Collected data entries
----------

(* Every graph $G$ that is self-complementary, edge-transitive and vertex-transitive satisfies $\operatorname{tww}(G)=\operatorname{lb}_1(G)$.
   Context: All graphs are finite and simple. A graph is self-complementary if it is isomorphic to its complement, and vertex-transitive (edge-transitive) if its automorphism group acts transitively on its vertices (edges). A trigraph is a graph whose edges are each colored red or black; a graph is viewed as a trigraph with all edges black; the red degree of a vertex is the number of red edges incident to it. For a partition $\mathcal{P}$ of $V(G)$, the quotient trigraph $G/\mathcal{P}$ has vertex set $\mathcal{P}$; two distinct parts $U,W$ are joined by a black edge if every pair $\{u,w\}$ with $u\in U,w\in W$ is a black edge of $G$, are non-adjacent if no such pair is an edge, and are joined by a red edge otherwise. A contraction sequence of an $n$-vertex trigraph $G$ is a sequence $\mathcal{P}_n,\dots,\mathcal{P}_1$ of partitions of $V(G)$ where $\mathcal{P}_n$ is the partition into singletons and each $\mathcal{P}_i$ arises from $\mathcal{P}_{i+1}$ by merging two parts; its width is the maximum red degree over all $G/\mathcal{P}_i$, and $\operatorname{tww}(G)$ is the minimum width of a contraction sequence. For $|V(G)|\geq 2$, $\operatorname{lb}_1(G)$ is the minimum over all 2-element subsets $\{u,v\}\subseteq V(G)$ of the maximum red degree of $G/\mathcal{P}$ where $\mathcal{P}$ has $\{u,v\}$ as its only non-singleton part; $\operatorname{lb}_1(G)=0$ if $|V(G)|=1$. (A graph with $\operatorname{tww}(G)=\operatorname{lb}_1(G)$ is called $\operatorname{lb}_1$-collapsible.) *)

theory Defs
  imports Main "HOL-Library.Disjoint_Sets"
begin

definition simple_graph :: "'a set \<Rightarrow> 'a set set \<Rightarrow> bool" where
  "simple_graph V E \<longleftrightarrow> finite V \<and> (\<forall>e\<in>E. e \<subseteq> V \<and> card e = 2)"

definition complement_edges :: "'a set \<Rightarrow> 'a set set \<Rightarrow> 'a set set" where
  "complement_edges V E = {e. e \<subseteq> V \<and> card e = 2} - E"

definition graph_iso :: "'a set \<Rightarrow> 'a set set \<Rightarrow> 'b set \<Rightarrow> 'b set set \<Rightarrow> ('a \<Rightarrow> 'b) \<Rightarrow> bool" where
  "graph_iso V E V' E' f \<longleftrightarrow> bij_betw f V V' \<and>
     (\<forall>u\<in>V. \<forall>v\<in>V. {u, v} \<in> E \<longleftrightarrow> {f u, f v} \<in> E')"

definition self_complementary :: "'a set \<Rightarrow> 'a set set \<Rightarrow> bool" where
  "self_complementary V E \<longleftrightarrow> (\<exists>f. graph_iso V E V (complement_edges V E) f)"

----------

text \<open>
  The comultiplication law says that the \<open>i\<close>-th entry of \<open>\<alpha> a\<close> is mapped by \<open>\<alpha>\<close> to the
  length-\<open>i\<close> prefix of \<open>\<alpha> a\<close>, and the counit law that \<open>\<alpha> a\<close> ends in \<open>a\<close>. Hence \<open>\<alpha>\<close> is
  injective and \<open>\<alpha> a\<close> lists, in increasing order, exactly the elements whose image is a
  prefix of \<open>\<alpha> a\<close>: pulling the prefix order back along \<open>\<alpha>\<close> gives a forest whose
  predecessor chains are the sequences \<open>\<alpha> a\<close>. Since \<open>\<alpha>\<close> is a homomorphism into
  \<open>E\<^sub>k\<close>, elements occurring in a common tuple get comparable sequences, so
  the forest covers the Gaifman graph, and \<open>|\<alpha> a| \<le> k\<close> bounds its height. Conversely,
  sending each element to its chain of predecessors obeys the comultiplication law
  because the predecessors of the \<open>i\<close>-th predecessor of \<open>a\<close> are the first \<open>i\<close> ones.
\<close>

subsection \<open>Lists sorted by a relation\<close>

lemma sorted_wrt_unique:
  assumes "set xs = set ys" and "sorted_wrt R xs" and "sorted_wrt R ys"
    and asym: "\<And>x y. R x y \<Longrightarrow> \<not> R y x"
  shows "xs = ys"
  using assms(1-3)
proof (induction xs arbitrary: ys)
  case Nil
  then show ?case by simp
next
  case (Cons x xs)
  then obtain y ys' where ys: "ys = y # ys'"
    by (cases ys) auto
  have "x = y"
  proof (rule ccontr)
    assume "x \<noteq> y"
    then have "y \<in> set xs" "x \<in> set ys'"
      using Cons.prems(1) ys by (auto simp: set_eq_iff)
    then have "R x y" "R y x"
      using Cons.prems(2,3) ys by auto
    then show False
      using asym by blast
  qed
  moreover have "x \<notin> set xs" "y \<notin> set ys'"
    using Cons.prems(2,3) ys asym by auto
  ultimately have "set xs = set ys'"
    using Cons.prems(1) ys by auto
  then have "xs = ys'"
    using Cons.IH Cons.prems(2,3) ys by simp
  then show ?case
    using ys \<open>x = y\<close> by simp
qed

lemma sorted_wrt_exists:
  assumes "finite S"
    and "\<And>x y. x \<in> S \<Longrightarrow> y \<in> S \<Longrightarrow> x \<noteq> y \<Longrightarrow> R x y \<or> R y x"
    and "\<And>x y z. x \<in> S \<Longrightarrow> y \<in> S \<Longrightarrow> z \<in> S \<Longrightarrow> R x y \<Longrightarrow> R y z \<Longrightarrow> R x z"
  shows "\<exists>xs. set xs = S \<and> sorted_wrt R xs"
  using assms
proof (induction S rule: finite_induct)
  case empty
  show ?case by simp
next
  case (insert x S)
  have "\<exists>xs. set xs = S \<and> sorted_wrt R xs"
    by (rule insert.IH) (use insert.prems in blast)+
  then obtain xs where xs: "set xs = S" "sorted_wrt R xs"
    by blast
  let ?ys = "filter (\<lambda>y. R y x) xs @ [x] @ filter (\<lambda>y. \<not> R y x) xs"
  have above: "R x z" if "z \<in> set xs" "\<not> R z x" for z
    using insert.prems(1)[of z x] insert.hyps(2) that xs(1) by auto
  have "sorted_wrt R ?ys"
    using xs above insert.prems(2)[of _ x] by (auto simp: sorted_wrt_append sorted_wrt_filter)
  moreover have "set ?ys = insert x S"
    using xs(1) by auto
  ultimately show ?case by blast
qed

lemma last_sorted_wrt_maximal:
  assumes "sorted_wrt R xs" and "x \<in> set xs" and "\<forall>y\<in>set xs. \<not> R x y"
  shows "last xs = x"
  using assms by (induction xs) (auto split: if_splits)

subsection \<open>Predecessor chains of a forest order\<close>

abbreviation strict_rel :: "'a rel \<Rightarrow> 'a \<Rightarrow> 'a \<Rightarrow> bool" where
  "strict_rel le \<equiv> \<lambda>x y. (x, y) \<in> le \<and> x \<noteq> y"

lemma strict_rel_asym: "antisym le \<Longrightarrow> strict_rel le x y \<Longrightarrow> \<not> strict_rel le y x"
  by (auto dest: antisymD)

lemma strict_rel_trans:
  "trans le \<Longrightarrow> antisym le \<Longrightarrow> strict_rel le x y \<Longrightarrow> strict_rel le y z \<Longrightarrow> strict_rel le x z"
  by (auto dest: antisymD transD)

----------

Begin with the line above that has "because the predecessors" and continue through the line that has "using Cons.prems(2,3) ys asym by auto", setting each one down exactly. Stop there.

→ Solution to this task
  because the predecessors of the \<open>i\<close>-th predecessor of \<open>a\<close> are the first \<open>i\<close> ones.
\<close>

subsection \<open>Lists sorted by a relation\<close>

lemma sorted_wrt_unique:
  assumes "set xs = set ys" and "sorted_wrt R xs" and "sorted_wrt R ys"
    and asym: "\<And>x y. R x y \<Longrightarrow> \<not> R y x"
  shows "xs = ys"
  using assms(1-3)
proof (induction xs arbitrary: ys)
  case Nil
  then show ?case by simp
next
  case (Cons x xs)
  then obtain y ys' where ys: "ys = y # ys'"
    by (cases ys) auto
  have "x = y"
  proof (rule ccontr)
    assume "x \<noteq> y"
    then have "y \<in> set xs" "x \<in> set ys'"
      using Cons.prems(1) ys by (auto simp: set_eq_iff)
    then have "R x y" "R y x"
      using Cons.prems(2,3) ys by auto
    then show False
      using asym by blast
  qed
  moreover have "x \<notin> set xs" "y \<notin> set ys'"
    using Cons.prems(2,3) ys asym by auto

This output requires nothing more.